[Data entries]

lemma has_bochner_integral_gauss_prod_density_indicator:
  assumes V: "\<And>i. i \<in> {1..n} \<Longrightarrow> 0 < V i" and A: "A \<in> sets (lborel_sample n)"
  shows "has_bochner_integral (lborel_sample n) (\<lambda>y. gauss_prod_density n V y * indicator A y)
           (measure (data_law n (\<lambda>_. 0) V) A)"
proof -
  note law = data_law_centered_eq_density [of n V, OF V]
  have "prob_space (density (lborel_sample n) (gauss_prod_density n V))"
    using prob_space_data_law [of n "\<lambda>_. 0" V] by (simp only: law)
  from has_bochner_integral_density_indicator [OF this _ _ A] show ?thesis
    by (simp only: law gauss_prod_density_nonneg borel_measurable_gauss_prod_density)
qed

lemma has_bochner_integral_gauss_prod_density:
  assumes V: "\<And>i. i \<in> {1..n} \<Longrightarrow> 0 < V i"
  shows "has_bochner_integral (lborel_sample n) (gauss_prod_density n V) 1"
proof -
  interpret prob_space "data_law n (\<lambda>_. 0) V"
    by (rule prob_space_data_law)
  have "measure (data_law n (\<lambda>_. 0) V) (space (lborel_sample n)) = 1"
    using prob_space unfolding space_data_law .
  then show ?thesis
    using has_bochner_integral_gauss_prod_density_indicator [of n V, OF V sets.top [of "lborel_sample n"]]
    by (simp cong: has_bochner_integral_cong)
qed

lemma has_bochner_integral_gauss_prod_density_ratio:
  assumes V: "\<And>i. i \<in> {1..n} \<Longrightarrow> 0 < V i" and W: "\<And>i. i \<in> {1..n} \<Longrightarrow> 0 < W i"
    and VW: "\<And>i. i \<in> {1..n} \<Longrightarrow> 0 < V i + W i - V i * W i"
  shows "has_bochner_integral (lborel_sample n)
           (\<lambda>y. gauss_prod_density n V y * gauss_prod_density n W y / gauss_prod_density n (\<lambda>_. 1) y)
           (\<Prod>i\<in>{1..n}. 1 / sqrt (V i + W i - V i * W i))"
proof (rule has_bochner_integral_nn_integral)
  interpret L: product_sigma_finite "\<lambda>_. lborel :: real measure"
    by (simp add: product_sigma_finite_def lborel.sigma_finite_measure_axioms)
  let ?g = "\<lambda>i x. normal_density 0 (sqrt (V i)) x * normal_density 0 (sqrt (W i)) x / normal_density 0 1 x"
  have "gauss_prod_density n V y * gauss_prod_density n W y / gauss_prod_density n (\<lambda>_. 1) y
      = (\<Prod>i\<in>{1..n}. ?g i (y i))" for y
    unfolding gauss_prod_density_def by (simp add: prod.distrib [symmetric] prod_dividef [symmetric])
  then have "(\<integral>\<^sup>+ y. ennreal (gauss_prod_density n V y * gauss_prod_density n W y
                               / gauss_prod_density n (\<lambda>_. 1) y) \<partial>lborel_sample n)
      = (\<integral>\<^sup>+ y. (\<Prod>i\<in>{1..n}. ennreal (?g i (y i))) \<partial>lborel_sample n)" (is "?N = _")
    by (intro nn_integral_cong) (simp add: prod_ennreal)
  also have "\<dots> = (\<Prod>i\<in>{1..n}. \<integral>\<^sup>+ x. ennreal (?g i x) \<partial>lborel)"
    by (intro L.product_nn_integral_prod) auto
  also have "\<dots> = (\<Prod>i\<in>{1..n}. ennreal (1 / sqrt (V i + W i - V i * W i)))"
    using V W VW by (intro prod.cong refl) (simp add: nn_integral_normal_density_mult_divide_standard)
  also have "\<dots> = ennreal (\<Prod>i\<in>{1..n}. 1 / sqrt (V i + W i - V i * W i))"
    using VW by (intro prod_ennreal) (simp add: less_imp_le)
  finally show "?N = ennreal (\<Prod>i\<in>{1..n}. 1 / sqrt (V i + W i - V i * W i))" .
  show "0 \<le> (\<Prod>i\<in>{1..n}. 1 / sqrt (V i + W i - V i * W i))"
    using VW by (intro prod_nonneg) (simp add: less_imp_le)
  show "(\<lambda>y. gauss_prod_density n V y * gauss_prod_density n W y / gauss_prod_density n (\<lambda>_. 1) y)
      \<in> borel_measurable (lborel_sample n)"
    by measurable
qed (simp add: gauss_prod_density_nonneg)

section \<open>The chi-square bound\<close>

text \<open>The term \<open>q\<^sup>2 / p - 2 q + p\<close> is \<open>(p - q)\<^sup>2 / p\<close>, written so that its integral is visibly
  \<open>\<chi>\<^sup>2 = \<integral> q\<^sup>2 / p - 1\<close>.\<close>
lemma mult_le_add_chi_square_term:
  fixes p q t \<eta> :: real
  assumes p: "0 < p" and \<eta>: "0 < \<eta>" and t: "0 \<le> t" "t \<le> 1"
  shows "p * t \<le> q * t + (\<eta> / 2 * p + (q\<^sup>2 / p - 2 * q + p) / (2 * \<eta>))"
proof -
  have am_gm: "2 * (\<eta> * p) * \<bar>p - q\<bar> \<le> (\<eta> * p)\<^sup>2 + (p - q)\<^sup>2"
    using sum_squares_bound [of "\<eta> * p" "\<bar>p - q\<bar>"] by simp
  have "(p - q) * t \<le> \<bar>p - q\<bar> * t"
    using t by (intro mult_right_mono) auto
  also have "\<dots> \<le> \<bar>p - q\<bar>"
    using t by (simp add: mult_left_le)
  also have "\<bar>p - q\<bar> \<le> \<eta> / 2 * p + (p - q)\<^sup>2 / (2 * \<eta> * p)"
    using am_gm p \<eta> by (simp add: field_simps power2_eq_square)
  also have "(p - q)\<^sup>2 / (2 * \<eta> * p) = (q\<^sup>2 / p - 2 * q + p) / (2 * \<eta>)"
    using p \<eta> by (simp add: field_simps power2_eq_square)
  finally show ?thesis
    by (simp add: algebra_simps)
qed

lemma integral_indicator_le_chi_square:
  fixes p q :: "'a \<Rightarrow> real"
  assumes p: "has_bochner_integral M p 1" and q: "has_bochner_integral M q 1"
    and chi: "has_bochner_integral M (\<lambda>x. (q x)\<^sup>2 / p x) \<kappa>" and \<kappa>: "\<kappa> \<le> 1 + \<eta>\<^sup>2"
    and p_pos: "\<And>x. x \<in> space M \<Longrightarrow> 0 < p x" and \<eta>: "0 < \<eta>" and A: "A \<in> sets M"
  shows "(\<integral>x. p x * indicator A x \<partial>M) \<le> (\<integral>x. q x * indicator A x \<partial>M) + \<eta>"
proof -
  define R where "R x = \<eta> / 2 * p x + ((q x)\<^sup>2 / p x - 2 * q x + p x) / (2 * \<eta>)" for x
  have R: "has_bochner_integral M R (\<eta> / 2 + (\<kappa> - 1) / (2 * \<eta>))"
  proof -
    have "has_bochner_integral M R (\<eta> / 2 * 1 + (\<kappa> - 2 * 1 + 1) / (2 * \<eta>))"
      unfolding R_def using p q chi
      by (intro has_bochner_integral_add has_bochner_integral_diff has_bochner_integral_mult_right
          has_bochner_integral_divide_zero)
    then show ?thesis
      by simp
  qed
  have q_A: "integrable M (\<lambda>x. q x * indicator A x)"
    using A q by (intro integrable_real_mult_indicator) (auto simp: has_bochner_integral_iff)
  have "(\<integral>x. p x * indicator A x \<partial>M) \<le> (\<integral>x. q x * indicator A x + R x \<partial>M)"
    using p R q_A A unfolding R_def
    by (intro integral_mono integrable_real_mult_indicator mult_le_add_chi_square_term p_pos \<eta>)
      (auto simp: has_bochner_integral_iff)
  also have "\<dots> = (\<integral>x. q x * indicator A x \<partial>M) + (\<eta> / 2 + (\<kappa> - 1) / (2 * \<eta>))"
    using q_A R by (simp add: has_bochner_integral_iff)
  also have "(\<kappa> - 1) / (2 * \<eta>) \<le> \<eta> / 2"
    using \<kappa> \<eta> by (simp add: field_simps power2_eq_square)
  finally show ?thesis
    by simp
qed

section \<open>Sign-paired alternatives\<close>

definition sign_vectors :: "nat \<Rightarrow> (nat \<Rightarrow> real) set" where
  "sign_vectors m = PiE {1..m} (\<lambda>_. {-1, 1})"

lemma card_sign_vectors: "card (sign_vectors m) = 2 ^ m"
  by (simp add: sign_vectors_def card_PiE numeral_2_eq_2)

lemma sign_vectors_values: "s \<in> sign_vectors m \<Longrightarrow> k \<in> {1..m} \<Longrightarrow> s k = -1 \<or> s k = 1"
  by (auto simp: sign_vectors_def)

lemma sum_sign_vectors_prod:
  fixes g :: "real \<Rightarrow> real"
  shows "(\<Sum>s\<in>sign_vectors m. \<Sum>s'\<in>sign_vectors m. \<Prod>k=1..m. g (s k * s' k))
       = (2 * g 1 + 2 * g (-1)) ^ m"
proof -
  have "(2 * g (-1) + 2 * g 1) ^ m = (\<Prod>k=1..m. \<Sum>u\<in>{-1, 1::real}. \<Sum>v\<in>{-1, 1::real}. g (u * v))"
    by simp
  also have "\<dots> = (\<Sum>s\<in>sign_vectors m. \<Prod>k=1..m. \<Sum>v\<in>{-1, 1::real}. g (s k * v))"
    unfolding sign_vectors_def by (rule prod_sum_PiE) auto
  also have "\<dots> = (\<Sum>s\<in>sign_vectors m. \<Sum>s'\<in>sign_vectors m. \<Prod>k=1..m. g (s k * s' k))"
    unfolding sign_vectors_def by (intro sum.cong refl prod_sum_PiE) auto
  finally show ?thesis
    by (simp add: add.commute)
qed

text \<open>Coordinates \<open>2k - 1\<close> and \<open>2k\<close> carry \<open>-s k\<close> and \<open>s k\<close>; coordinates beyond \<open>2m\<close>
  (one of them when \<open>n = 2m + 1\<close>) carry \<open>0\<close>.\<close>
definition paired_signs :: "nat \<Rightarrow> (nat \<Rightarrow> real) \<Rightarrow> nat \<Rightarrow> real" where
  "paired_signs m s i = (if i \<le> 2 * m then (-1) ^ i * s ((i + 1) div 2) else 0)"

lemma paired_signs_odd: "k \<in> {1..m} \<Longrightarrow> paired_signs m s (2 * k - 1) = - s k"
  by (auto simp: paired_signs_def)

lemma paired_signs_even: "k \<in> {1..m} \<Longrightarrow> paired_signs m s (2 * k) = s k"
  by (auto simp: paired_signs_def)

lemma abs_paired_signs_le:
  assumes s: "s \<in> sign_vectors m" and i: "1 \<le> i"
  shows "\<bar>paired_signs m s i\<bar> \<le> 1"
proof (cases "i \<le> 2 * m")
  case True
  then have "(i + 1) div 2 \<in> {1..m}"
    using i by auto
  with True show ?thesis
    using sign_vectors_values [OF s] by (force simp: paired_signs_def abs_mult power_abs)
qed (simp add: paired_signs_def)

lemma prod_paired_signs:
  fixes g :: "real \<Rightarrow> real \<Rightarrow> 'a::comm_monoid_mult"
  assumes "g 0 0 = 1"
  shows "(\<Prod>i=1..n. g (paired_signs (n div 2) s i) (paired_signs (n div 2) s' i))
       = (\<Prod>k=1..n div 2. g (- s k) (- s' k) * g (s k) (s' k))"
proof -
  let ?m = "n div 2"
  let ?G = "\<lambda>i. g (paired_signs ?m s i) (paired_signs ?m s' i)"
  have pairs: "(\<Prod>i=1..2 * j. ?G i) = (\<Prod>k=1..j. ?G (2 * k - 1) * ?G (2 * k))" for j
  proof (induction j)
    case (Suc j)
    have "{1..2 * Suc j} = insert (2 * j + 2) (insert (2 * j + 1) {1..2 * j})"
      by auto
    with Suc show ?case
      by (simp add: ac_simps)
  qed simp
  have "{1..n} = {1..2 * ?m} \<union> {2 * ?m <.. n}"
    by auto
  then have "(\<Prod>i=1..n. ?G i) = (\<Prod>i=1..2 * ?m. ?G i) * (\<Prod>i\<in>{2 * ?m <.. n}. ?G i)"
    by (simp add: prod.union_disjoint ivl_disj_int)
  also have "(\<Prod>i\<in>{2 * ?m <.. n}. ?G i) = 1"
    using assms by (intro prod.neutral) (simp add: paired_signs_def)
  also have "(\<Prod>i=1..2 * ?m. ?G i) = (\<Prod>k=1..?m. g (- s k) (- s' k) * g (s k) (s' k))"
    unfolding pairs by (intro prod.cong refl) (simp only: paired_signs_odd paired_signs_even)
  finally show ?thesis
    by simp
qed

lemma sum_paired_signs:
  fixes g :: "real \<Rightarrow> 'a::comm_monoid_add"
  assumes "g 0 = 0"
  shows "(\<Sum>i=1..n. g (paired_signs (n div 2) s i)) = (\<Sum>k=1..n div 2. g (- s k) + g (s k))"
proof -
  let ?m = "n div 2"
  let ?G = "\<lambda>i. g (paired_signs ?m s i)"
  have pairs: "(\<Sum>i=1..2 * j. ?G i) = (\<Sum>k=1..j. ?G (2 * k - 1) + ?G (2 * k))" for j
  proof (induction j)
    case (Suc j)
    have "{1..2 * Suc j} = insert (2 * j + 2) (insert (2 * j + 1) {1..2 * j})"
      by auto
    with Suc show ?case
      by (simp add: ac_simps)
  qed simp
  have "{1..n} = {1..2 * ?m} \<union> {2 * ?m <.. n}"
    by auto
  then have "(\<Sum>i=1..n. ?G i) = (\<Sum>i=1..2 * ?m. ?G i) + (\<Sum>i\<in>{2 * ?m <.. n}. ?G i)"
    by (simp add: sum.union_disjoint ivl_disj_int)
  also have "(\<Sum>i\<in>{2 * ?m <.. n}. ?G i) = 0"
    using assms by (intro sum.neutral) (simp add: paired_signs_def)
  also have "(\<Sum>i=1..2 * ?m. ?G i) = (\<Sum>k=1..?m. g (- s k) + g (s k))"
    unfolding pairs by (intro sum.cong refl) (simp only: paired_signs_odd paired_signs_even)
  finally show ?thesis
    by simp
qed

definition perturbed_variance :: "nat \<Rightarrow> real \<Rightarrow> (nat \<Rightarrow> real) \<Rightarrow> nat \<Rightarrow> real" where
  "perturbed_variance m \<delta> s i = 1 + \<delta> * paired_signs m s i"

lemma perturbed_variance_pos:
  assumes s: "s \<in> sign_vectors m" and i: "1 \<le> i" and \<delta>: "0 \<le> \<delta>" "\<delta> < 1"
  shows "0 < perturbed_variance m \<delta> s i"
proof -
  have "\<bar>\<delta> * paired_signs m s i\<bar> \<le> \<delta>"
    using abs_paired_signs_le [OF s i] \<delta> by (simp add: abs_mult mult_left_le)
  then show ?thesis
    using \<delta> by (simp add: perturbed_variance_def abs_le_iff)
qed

Exercise requirements
For each line in the entries that holds "open", return that line.

Result of the task
section \<open>The chi-square bound\<close>
text \<open>The term \<open>q\<^sup>2 / p - 2 q + p\<close> is \<open>(p - q)\<^sup>2 / p\<close>, written so that its integral is visibly
  \<open>\<chi>\<^sup>2 = \<integral> q\<^sup>2 / p - 1\<close>.\<close>
section \<open>Sign-paired alternatives\<close>
text \<open>Coordinates \<open>2k - 1\<close> and \<open>2k\<close> carry \<open>-s k\<close> and \<open>s k\<close>; coordinates beyond \<open>2m\<close>
  (one of them when \<open>n = 2m + 1\<close>) carry \<open>0\<close>.\<close>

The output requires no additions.